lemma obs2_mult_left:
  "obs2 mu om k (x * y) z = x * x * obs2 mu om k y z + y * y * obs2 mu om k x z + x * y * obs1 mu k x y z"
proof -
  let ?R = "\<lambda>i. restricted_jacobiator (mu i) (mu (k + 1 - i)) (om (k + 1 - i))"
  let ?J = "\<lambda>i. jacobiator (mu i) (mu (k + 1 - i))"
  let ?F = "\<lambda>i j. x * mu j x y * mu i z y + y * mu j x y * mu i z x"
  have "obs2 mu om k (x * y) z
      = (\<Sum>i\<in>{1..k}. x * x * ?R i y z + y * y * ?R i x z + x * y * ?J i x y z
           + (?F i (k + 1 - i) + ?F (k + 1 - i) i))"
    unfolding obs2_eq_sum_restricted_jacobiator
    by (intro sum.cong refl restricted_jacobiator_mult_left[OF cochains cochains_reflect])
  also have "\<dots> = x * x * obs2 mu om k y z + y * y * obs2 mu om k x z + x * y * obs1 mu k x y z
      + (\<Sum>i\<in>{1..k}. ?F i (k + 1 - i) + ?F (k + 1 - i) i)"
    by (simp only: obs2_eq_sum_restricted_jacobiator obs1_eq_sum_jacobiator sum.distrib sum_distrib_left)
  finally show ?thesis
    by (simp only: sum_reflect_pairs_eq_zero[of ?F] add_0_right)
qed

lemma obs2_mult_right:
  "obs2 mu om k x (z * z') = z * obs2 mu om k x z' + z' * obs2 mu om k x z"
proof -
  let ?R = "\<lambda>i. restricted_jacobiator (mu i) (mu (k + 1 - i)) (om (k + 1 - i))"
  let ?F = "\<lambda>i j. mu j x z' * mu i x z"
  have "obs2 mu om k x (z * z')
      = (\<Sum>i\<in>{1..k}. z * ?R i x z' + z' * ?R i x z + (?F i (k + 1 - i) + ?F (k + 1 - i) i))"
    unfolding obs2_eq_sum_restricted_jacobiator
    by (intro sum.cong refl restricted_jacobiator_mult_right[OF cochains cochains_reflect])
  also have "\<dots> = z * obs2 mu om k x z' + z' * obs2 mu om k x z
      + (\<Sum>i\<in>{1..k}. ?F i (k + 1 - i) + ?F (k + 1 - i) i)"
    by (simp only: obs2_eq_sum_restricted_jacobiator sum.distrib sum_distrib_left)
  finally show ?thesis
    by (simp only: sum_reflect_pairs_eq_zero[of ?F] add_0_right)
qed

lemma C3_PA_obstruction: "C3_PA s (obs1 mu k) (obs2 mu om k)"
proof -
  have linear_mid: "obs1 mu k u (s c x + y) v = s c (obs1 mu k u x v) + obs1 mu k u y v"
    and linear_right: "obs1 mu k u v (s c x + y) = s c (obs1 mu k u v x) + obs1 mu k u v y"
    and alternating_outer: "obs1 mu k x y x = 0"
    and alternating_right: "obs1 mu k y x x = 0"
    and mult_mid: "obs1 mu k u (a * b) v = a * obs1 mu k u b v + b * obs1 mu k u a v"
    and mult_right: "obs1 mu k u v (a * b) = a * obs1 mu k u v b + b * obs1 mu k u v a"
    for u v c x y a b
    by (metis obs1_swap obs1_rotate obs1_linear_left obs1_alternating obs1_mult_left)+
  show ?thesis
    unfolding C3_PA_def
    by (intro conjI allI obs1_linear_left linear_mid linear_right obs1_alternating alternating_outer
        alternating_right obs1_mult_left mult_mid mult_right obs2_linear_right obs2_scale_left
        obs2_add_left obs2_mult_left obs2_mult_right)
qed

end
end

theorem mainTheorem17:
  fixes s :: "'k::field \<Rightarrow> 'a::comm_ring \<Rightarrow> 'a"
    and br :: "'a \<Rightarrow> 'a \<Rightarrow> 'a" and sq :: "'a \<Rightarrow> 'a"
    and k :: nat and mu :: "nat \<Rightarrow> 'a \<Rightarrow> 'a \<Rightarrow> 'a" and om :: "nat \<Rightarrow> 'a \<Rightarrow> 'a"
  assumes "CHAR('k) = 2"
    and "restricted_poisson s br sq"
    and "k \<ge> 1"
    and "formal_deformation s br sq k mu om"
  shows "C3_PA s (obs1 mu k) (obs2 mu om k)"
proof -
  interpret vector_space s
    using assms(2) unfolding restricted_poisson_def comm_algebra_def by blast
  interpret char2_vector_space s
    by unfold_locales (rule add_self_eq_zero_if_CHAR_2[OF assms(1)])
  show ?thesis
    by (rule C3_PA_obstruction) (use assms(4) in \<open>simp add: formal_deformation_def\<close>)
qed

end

####################

Task goal >>
Please reproduce the listing word for word, but only from the line that contains "interpret vector_space s" to its last line, inclusive.

Result for this exercise >>
  interpret vector_space s
    using assms(2) unfolding restricted_poisson_def comm_algebra_def by blast
  interpret char2_vector_space s
    by unfold_locales (rule add_self_eq_zero_if_CHAR_2[OF assms(1)])
  show ?thesis
    by (rule C3_PA_obstruction) (use assms(4) in \<open>simp add: formal_deformation_def\<close>)
qed

end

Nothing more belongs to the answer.